← Week 4: Scaling & Decoders

Day 28: T5 & Encoder-Decoder LMs

Phase II — Attention, Transformers & Scaling | Week 4 | 2.5 hours "Every problem is a text-to-text problem, if you look at it right." — Colin Raffel


Theory (45 min)

28.1 The Text-to-Text Framework

T5 (Text-to-Text Transfer Transformer) proposed a radical unification: every NLP task is text-in, text-out.

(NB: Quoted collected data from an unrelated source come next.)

(* Consider the Markov jump linear system $x_{t+1}=A_{\theta_t}x_t+B_{\theta_t}u_t$, $y_t=C_{\theta_t}x_t$ with modes in $W=\{1,\dots,n_\theta\}$. Let $N\in\mathbb{N}_+$ and $\alpha,\omega\in\mathbb{N}$ with $\alpha+\omega<N$. If the system is $(N,\alpha,\omega)$-mode observable, then it is also $(N+1,\alpha,\omega)$-mode observable.
   Context: Here $A_i\in\mathbb{R}^{n_x\times n_x}$, $B_i\in\mathbb{R}^{n_x\times n_u}$, $C_i\in\mathbb{R}^{n_y\times n_x}$ for $i\in W$. For $\theta=(\theta_0,\dots,\theta_T)\in W^{T+1}$, $x\in\mathbb{R}^{n_x}$ and $u=(u_0,\dots,u_{T-1})\in\mathbb{R}^{Tn_u}$, let $Y(\theta,x,u)=(C_{\theta_0}x_0,\dots,C_{\theta_T}x_T)$ with $x_0=x$, $x_{k+1}=A_{\theta_k}x_k+B_{\theta_k}u_k$. Two paths $\theta,\theta'\in W^{T+1}$ are discernible with respect to a control sequence $u\in\mathbb{R}^{Tn_u}$ if $Y(\theta,x,u)\neq Y(\theta',x',u)$ for all $x,x'\in\mathbb{R}^{n_x}$. For $N\in\mathbb{N}_+$ and $\alpha,\omega\in\mathbb{N}$ with $\alpha+\omega<N$, the system is called $(N,\alpha,\omega)$-mode observable if for all paths $\theta,\theta'\in W^{N+1}$ with $(\theta_\alpha,\dots,\theta_{N-\omega})\neq(\theta'_\alpha,\dots,\theta'_{N-\omega})$, the paths $\theta$ and $\theta'$ are discernible with respect to almost every control sequence $u\in\mathbb{R}^{Nn_u}$ (i.e., all $u$ outside a set of Lebesgue measure zero). *)

theory Defs
  imports "HOL-Analysis.Analysis"
begin

text \<open>A mode path is a function nat => 'w (only indices 0..T matter),
  a control sequence is a function nat => real^'nu (only indices < T matter).\<close>

fun mjls_state ::
  "('w \<Rightarrow> real^'nx^'nx) \<Rightarrow> ('w \<Rightarrow> real^'nu^'nx) \<Rightarrow>
   (nat \<Rightarrow> 'w) \<Rightarrow> real^'nx \<Rightarrow> (nat \<Rightarrow> real^'nu) \<Rightarrow> nat \<Rightarrow> real^'nx" where
  "mjls_state A B \<theta> x u 0 = x"
| "mjls_state A B \<theta> x u (Suc k) =
     A (\<theta> k) *v mjls_state A B \<theta> x u k + B (\<theta> k) *v u k"

definition mjls_output ::
  "('w \<Rightarrow> real^'nx^'nx) \<Rightarrow> ('w \<Rightarrow> real^'nu^'nx) \<Rightarrow> ('w \<Rightarrow> real^'nx^'ny) \<Rightarrow> nat \<Rightarrow>
   (nat \<Rightarrow> 'w) \<Rightarrow> real^'nx \<Rightarrow> (nat \<Rightarrow> real^'nu) \<Rightarrow> nat \<Rightarrow> real^'ny" where
  "mjls_output A B C T \<theta> x u =
     (\<lambda>k. if k \<le> T then C (\<theta> k) *v mjls_state A B \<theta> x u k else 0)"

definition discernible ::
  "('w \<Rightarrow> real^'nx^'nx) \<Rightarrow> ('w \<Rightarrow> real^'nu^'nx) \<Rightarrow> ('w \<Rightarrow> real^'nx^'ny) \<Rightarrow> nat \<Rightarrow>
   (nat \<Rightarrow> 'w) \<Rightarrow> (nat \<Rightarrow> 'w) \<Rightarrow> (nat \<Rightarrow> real^'nu) \<Rightarrow> bool" where
  "discernible A B C T \<theta> \<theta>' u \<longleftrightarrow>
     (\<forall>x x'. mjls_output A B C T \<theta> x u \<noteq> mjls_output A B C T \<theta>' x' u)"

text \<open>(N,alpha,omega)-mode observability. Lebesgue measure on R^{N n_u} is the product of
  Lebesgue measures on the N copies of R^{n_u}.\<close>
definition mode_observable ::
  "('w \<Rightarrow> real^'nx^'nx) \<Rightarrow> ('w \<Rightarrow> real^'nu^'nx) \<Rightarrow> ('w \<Rightarrow> real^'nx^'ny) \<Rightarrow>
   nat \<Rightarrow> nat \<Rightarrow> nat \<Rightarrow> bool" where
  "mode_observable A B C N \<alpha> \<omega> \<longleftrightarrow>
     (\<forall>\<theta> \<theta>'. (\<exists>k. \<alpha> \<le> k \<and> k \<le> N - \<omega> \<and> \<theta> k \<noteq> \<theta>' k) \<longrightarrow>
        (AE u in PiM {..<N} (\<lambda>_. lborel). discernible A B C N \<theta> \<theta>' u))"

end

theory Submission
  imports Defs
begin

text \<open>A mode mismatch at a time \<open>k\<close> with \<open>\<alpha> \<le> k \<le> N + 1 - \<omega>\<close> either
  satisfies \<open>k \<le> N - \<omega>\<close>, and then the outputs over the first \<open>N\<close> steps already
  discern the paths, or \<open>k = N + 1 - \<omega> \<ge> \<alpha> + 1\<close>, and then the paths shifted by
  one time step, started from the states \<open>x\<^sub>1\<close>, differ within the window of
  \<open>(N, \<alpha>, \<omega>)\<close>-mode observability and the outputs at times \<open>1, \<dots>, N + 1\<close> discern
  them. In both cases the control sequences of length \<open>N + 1\<close> for which this fails
  are the preimage of a Lebesgue null set of sequences of length \<open>N\<close> under a
  reindexed restriction, hence null.\<close>

lemma (in product_sigma_finite) prod_emb_null_sets:
  assumes K: "finite K" "J \<subseteq> K" and S: "S \<in> null_sets (PiM J M)"
  shows "prod_emb K M J S \<in> null_sets (PiM K M)"
proof -
  have split: "J \<union> (K - J) = K" and fin: "finite J" "finite (K - J)"
    using K finite_subset by auto
  have sets: "prod_emb K M J S \<in> sets (PiM K M)"
    using K(2) null_setsD2[OF S] by (rule measurable_prod_emb)
  have "AE x in PiM J M.
      emeasure (PiM (K - J) M) ((\<lambda>y. merge J (K - J) (x, y)) -` prod_emb K M J S \<inter> space (PiM (K - J) M)) = 0"
    using AE_not_in[OF S] AE_space
  proof eventually_elim
    \<comment> \<open>the section of the cylinder over \<open>x \<notin> S\<close> is empty, so Tonelli gives measure \<open>0\<close>\<close>
    case (elim x)
    then have "(\<lambda>y. merge J (K - J) (x, y)) -` prod_emb K M J S = {}"
      by (auto simp: prod_emb_def space_PiM PiE_def extensional_restrict)
    then show ?case by simp
  qed
  then have "emeasure (PiM K M) (prod_emb K M J S) = 0"
    by (simp add: emeasure_fold_integral[OF _ fin, unfolded split, OF _ sets] nn_integral_cong_AE)
  with sets show ?thesis by (simp add: null_sets_def)
qed
definition glue_maps :: "nat set \<Rightarrow> (nat \<Rightarrow> nat) \<Rightarrow> (nat \<Rightarrow> nat) \<Rightarrow> nat set \<Rightarrow> nat \<Rightarrow> nat"
  where "glue_maps K \<sigma>1 \<sigma>2 V =
    (\<lambda>v. if v \<in> K then \<sigma>1 v else if v \<in> V then \<sigma>2 v + card (\<sigma>1 ` K) else 0)"

definition unit_map :: "nat set \<Rightarrow> nat \<Rightarrow> nat"
  where "unit_map S = (\<lambda>v. if v \<in> S then 1 else 0)"

lemma admissible_less: "admissible_rel (<)"
  and admissible_le: "admissible_rel (\<le>)"
  by (auto simp: admissible_rel_def)

lemma induced_edges_subset: "Y \<subseteq> X \<Longrightarrow> induced_edges (induced_edges E X) Y = induced_edges E Y"
  by (auto simp: induced_edges_def)

lemma finite_nonempty_ideals: "finite V \<Longrightarrow> finite (nonempty_ideals V E)"
  by (rule finite_subset[of _ "Pow V"]) (auto simp: nonempty_ideals_def order_ideal_def)

lemma mono_surjsD:
  assumes "\<sigma> \<in> mono_surjs R V E"
  shows "\<And>v. v \<notin> V \<Longrightarrow> \<sigma> v = 0" "\<sigma> ` V = {1..card (\<sigma> ` V)}"
    "\<And>u v. (u, v) \<in> E \<Longrightarrow> R (\<sigma> u) (\<sigma> v)"
  using assms by (auto simp: mono_surjs_def)

lemma mono_surjsI:
  assumes "\<And>v. v \<notin> V \<Longrightarrow> \<sigma> v = 0" "\<sigma> ` V = {1..s}" "\<And>u v. (u, v) \<in> E \<Longrightarrow> R (\<sigma> u) (\<sigma> v)"
  shows "\<sigma> \<in> mono_surjs R V E" "card (\<sigma> ` V) = s"
  using assms by (auto simp: mono_surjs_def)

lemma mono_surjs_range:
  "\<sigma> \<in> mono_surjs R V E \<Longrightarrow> v \<in> V \<Longrightarrow> 1 \<le> \<sigma> v \<and> \<sigma> v \<le> card (\<sigma> ` V)"
  using mono_surjsD(2)[of \<sigma> R V E] by (metis atLeastAtMost_iff image_eqI)

lemma mono_surjs_hit:
  "\<sigma> \<in> mono_surjs R V E \<Longrightarrow> 1 \<le> j \<Longrightarrow> j \<le> card (\<sigma> ` V) \<Longrightarrow> \<exists>v\<in>V. \<sigma> v = j"
  using mono_surjsD(2)[of \<sigma> R V E] by (metis atLeastAtMost_iff imageE)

Traditional approach (task-specific heads):

  Input ──→ [Shared Encoder] ──→ [Classification Head] ──→ Label
                               └→ [Regression Head]    ──→ Number
                               └→ [Seq2Seq Head]       ──→ Text

T5 approach (one format):

  "translate English to German: The house is wonderful" ──→ T5 ──→ "Das Haus ist wunderbar"
  "summarize: <long article>"                           ──→ T5 ──→ "<summary>"
  "sst2 sentence: I loved this movie"                   ──→ T5 ──→ "positive"
  "cola sentence: The dog ran quickly"                  ──→ T5 ──→ "acceptable"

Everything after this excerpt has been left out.